Actually I am looking for something similar to the following functions

from the following script

darknet_zed.txt

def main(argv):

    thresh = 0.25
    darknet_path="../libdarknet/"
    configPath = darknet_path + "cfg/yolov3-tiny.cfg"
    weightPath = "yolov3-tiny.weights"
    metaPath = "coco.data"
    svoPath = None

    help_str = 'darknet_zed.py -c <config> -w <weight> -m <meta> -t <threshold> -s <svo_file>'
    try:
        opts, args = getopt.getopt(
            argv, "hc:w:m:t:s:", ["config=", "weight=", "meta=", "threshold=", "svo_file="])
    except getopt.GetoptError:
        print (help_str)
        sys.exit(2)
    for opt, arg in opts:
        if opt == '-h':
            print (help_str)
            sys.exit()
        elif opt in ("-c", "--config"):
            configPath = arg
        elif opt in ("-w", "--weight"):
            weightPath = arg
        elif opt in ("-m", "--meta"):
            metaPath = arg
        elif opt in ("-t", "--threshold"):
            thresh = float(arg)
        elif opt in ("-s", "--svo_file"):
            svoPath = arg

    init = sl.InitParameters()
    init.coordinate_units = sl.UNIT.UNIT_METER
    if svoPath is not None:
        init.svo_input_filename = svoPath

    cam = sl.Camera()
    if not cam.is_opened():
        print("Opening ZED Camera...")
    status = cam.open(init)
    if status != sl.ERROR_CODE.SUCCESS:
        print(repr(status))
        exit()

    runtime = sl.RuntimeParameters()
    # Use STANDARD sensing mode
    runtime.sensing_mode = sl.SENSING_MODE.SENSING_MODE_STANDARD
    mat = sl.Mat()
    point_cloud_mat = sl.Mat()
def getObjectDepth(depth, bounds):
    area_div = 2

    x_vect = []
    y_vect = []
    z_vect = []

    for j in range(int(bounds[0] - area_div), int(bounds[0] + area_div)):
        for i in range(int(bounds[1] - area_div), int(bounds[1] + area_div)):
            z = depth[i, j, 2]
            if not np.isnan(z) and not np.isinf(z):
                x_vect.append(depth[i, j, 0])
                y_vect.append(depth[i, j, 1])
                z_vect.append(z)
    try:
        x = statistics.median(x_vect)
        y = statistics.median(y_vect)
        z = statistics.median(z_vect)
    except Exception:
        x = -1
        y = -1
        z = -1
        pass

    return x, y, z

I am not able to find anything similar in the scripts you shared @pedrombmachado . Please correct me if I am wrong.
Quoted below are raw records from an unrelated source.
(* Let $k$ be a field and let $A$ be a graded Artinian $k$-algebra with a strong Lefschetz element $\ell\in A_1$. Then for every integer $j>0$, the algebra $A/[0:(\ell^j)]$ has the strong Lefschetz property, with (the image of) $\ell$ as a strong Lefschetz element.
   Context: A graded Artinian $k$-algebra $A$ has the strong Lefschetz property (SLP) if there exists $\ell\in A_1$ such that for all integers $i$ and $j\ge 0$ the multiplication map $\cdot\ell^j\colon A_i\to A_{i+j}$ has maximal rank (is injective or surjective); such $\ell$ is called a strong Lefschetz element. Here $0:(\ell^j)=\{a\in A\mid a\ell^j=0\}$. *)

theory Defs
  imports "HOL-Algebra.Algebra"
begin

definition graded_artinian_algebra ::
  "('a, 'b) ring_scheme \<Rightarrow> 'a set \<Rightarrow> (nat \<Rightarrow> 'a set) \<Rightarrow> bool" where
  "graded_artinian_algebra R K G \<longleftrightarrow>
     cring R \<and> subfield K R \<and> ring.finite_dimension R K (carrier R) \<and>
     (\<forall>i. subalgebra K (G i) R) \<and>
     (\<forall>i j. \<forall>a\<in>G i. \<forall>b\<in>G j. a \<otimes>\<^bsub>R\<^esub> b \<in> G (i + j)) \<and>
     G 0 = K \<and>
     (\<forall>a\<in>carrier R. \<exists>!f. (\<forall>i. f i \<in> G i) \<and> finite {i. f i \<noteq> \<zero>\<^bsub>R\<^esub>} \<and>
                            a = finsum R f {i. f i \<noteq> \<zero>\<^bsub>R\<^esub>})"

definition strong_lefschetz_element ::
  "('a, 'b) ring_scheme \<Rightarrow> (nat \<Rightarrow> 'a set) \<Rightarrow> 'a \<Rightarrow> bool" where
  "strong_lefschetz_element R G l \<longleftrightarrow>
     l \<in> G 1 \<and>
     (\<forall>i j. inj_on (\<lambda>a. a \<otimes>\<^bsub>R\<^esub> (l [^]\<^bsub>R\<^esub> (j::nat))) (G i) \<or>
            (\<lambda>a. a \<otimes>\<^bsub>R\<^esub> (l [^]\<^bsub>R\<^esub> (j::nat))) ` G i = G (i + j))"
(* Let $G$ be a BDH graph with color classes $X$ and $Y$, and let $v,v'\in V(G)$. Define $G\star\{v,v'\}$ as follows: if $v$ and $v'$ lie in different color classes, $G\star\{v,v'\}=G$; if they lie in the same color class, $G\star\{v,v'\}$ is obtained from $G$ by adding a new vertex $\widehat{vv'}$ to that color class, adjacent exactly to the vertices of $N(v)\cap N(v')$. Then $G\star\{v,v'\}$ is a BDH graph.
   Context: A graph $G$ is distance hereditary if for every connected induced subgraph $H$ of $G$ and all $u,v\in V(H)$, $d_H(u,v)=d_G(u,v)$; a BDH graph is a bipartite distance hereditary graph. (Equivalently, a bipartite graph is BDH iff it has no induced chordless cycle of length $\ge 6$ and no induced domino, where a domino is $C_6$ plus a chord joining two antipodal vertices.) $N(v)$ denotes the neighborhood of $v$. *)

theory Defs
  imports Main
begin

definition simple_graph :: "'a set \<Rightarrow> ('a \<Rightarrow> 'a \<Rightarrow> bool) \<Rightarrow> bool" where
  "simple_graph V E \<longleftrightarrow> finite V \<and> (\<forall>x y. E x y \<longrightarrow> E y x) \<and> (\<forall>x. \<not> E x x)
     \<and> (\<forall>x y. E x y \<longrightarrow> x \<in> V \<and> y \<in> V)"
pedrombmachado commented 5 years ago

I got mine from here.

if not cam.is_opened(): print("Opening ZED Camera...") status = cam.open(init)

This is for the ZED camera and it is using a naive cature function. My function uses multi-threads approach on regular cameras. That source code is meant to capture the images from the camera as oposed to take adavantage of the pyrealsense library. Also be careful with this part of the source code

x = statistics.median(x_vect) y = statistics.median(y_vect) z = statistics.median(z_vect)
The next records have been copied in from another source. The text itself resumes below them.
lemma continuous_on_omega_mult_hlog:
  assumes "admissible (c # w)"
  shows "continuous_on {0<..<1} (\<lambda>u. omega c u * hlog w u)"
proof -
  have "continuous_on {0<..<1} (hlog w)"
    using continuous_on_hlog[OF admissible_ConsD(1)[OF assms]] by (rule continuous_on_subset) auto
  then show ?thesis
    by (intro continuous_intros continuous_on_omega admissible_ConsD(2)[OF assms])
qed

lemma integrable_omega_mult_hlog:
  assumes w: "admissible (c # w)" and b: "0 \<le> b" "b < 1"
  shows "(\<lambda>u. omega c u * hlog w u) integrable_on {0..b}"
proof -
  note c = admissible_ConsD[OF w]
  obtain K where K: "0 \<le> K" "w \<noteq> [] \<Longrightarrow> \<forall>u\<in>{0..<1}. \<bar>hlog w u\<bar> \<le> K * u / sqrt (1 - u)"
    using hlog_regular[OF c(1)] by (cases "w = []") auto
  show ?thesis
    by (rule integrable_if_three_halves_bound[where M = "max 1 K",
          OF continuous_on_omega_mult_hlog[OF w] _ b])
       (use omega_mult_hlog_bound[OF c(2,3) _ K(1)] K(2) in auto)
qed

lemma hlog_has_derivative:
  assumes w: "admissible (c # w)" and t: "0 < t" "t < 1"
  shows "(hlog (c # w) has_real_derivative omega c t * hlog w t) (at t)"
proof -
  define b where "b = (t + 1) / 2"
  have b: "0 \<le> b" "b < 1" "t < b" using t by (auto simp: b_def)
  have "isCont (\<lambda>u. omega c u * hlog w u) t"
    using continuous_on_interior[OF continuous_on_omega_mult_hlog[OF w], of t] t by simp
  then have "((\<lambda>t. integral {0..t} (\<lambda>u. omega c u * hlog w u)) has_vector_derivative
      omega c t * hlog w t) (at t within ({0..b} - {}))"
    by (intro integral_has_vector_derivative_continuous_at integrable_omega_mult_hlog[OF w b(1,2)])
       (use t b in \<open>auto intro: continuous_at_imp_continuous_within\<close>)
  then show ?thesis
    unfolding hlog_Cons_eq has_real_derivative_iff_has_vector_derivative
    using at_within_Icc_at[of 0 t b] t b by simp
qed

lemma hlog_tendsto_0:
  assumes "admissible w" "w \<noteq> []"
  shows "(hlog w \<longlongrightarrow> 0) (at_right 0)"
proof -
  have "(hlog w \<longlongrightarrow> hlog w 0) (at 0 within {0..<1})"
    using continuous_on_hlog[OF assms(1)] unfolding continuous_on_def by auto
  moreover have "at (0::real) within {0<..} = at 0 within {0..<1}"
    by (rule at_within_nhd[of 0 "{..<1}"]) auto
  moreover have "hlog w 0 = 0"
    using assms(2) by (cases w) auto
  ultimately show ?thesis by simp
qed

text \<open>For a first letter \<open>0\<close> or \<open>> 1\<close> the integrand is \<open>O(1 / sqrt(1 - u))\<close>, hence
  integrable up to \<open>1\<close>.\<close>
lemma hlog_tendsto_at_left_1:
  assumes w: "admissible w" "w \<noteq> []" and c: "c = 0 \<or> 1 < c"
  shows "(hlog (c # w) \<longlongrightarrow> hlog (c # w) 1) (at_left 1)"
proof -
  have cw: "admissible (c # w)"
    using w c unfolding admissible_def by auto
  obtain K where K: "0 \<le> K" "\<And>u. 0 \<le> u \<Longrightarrow> u < 1 \<Longrightarrow> \<bar>hlog w u\<bar> \<le> K * u / sqrt (1 - u)"
    using hlog_growth[OF w] by blast
  define C where "C = (if c = 0 then 1 else 1 / (c - 1))"
  have C: "0 \<le> C" using c by (auto simp: C_def)
  have bound: "\<bar>omega c u * hlog w u\<bar> \<le> C * K * (1 / sqrt (1 - u))" if "u \<in> {0<..<1}" for u
  proof -
    have u: "0 \<le> u" "u < 1" using that by auto
    have "\<bar>omega c u * hlog w u\<bar> \<le> \<bar>omega c u\<bar> * (K * u / sqrt (1 - u))"
      unfolding abs_mult by (intro mult_left_mono K(2) u) simp
    also have "\<dots> = (\<bar>omega c u\<bar> * u) * (K / sqrt (1 - u))"
      by simp
    also have "\<dots> \<le> C * (K / sqrt (1 - u))"
      using abs_omega_mult_le_const[OF c u] K(1) u unfolding C_def by (intro mult_right_mono) auto
    finally show ?thesis by simp
  qed
  have "(\<lambda>u. omega c u * hlog w u) integrable_on {0..1}"
    by (rule integrable_on_if_dominated[OF continuous_on_omega_mult_hlog[OF cw] _ bound])
       (use integrable_cmul[OF integrable_inverse_sqrt, of "C * K"] in simp)
  then have "continuous_on {0..1} (hlog (c # w))"
    unfolding hlog_Cons_eq by (rule indefinite_integral_continuous_1)
  then have "(hlog (c # w) \<longlongrightarrow> hlog (c # w) 1) (at 1 within {0..1})"
    unfolding continuous_on_def by simp
  then show ?thesis
    using at_within_Icc_at_left[of "0::real" 1] by simp
qed

lemma abs_omega_diff_le:
  assumes s: "1 \<le> s" "1 \<le> s'" and u: "0 \<le> u" "u \<le> b" and b: "b < 1"
  shows "\<bar>omega s u - omega s' u\<bar> \<le> \<bar>s - s'\<bar> / (1 - b) ^ 2"
proof -
  have "omega s u - omega s' u = (s' - s) / ((s - u) * (s' - u))"
    using s u b by (simp add: omega_def field_simps)
  then have "\<bar>omega s u - omega s' u\<bar> = \<bar>s - s'\<bar> / ((s - u) * (s' - u))"
    using s u b by (simp add: abs_div abs_mult abs_minus_commute)
  also have "\<dots> \<le> \<bar>s - s'\<bar> / (1 - b) ^ 2"
    unfolding power2_eq_square using s u b by (intro divide_left_mono mult_mono mult_pos_pos) auto
  finally show ?thesis .
qed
The best option is to use the built in functions

                # Wait for a coherent pair of frames: depth and color
                frames = pipeline.wait_for_frames()

                # Align the depth frame to color frame
                aligned_frames = align.process(frames)

                # Get aligned frames
                aligned_depth_frame = aligned_frames.get_depth_frame()
                color_aligned_frame = aligned_frames.get_color_frame()
                coverage = np.zeros((w,h))
                    for xx in range(x,x+w):
                        for yy in range(y,y+h):
                            coverage[xx-x,yy-y] = aligned_depth_frame.get_distance(xx, yy)
                    print(coverage)
                    depth_matrix = coverage.mean()

The intensions are good but the median may be 0 depending on the clip_offset.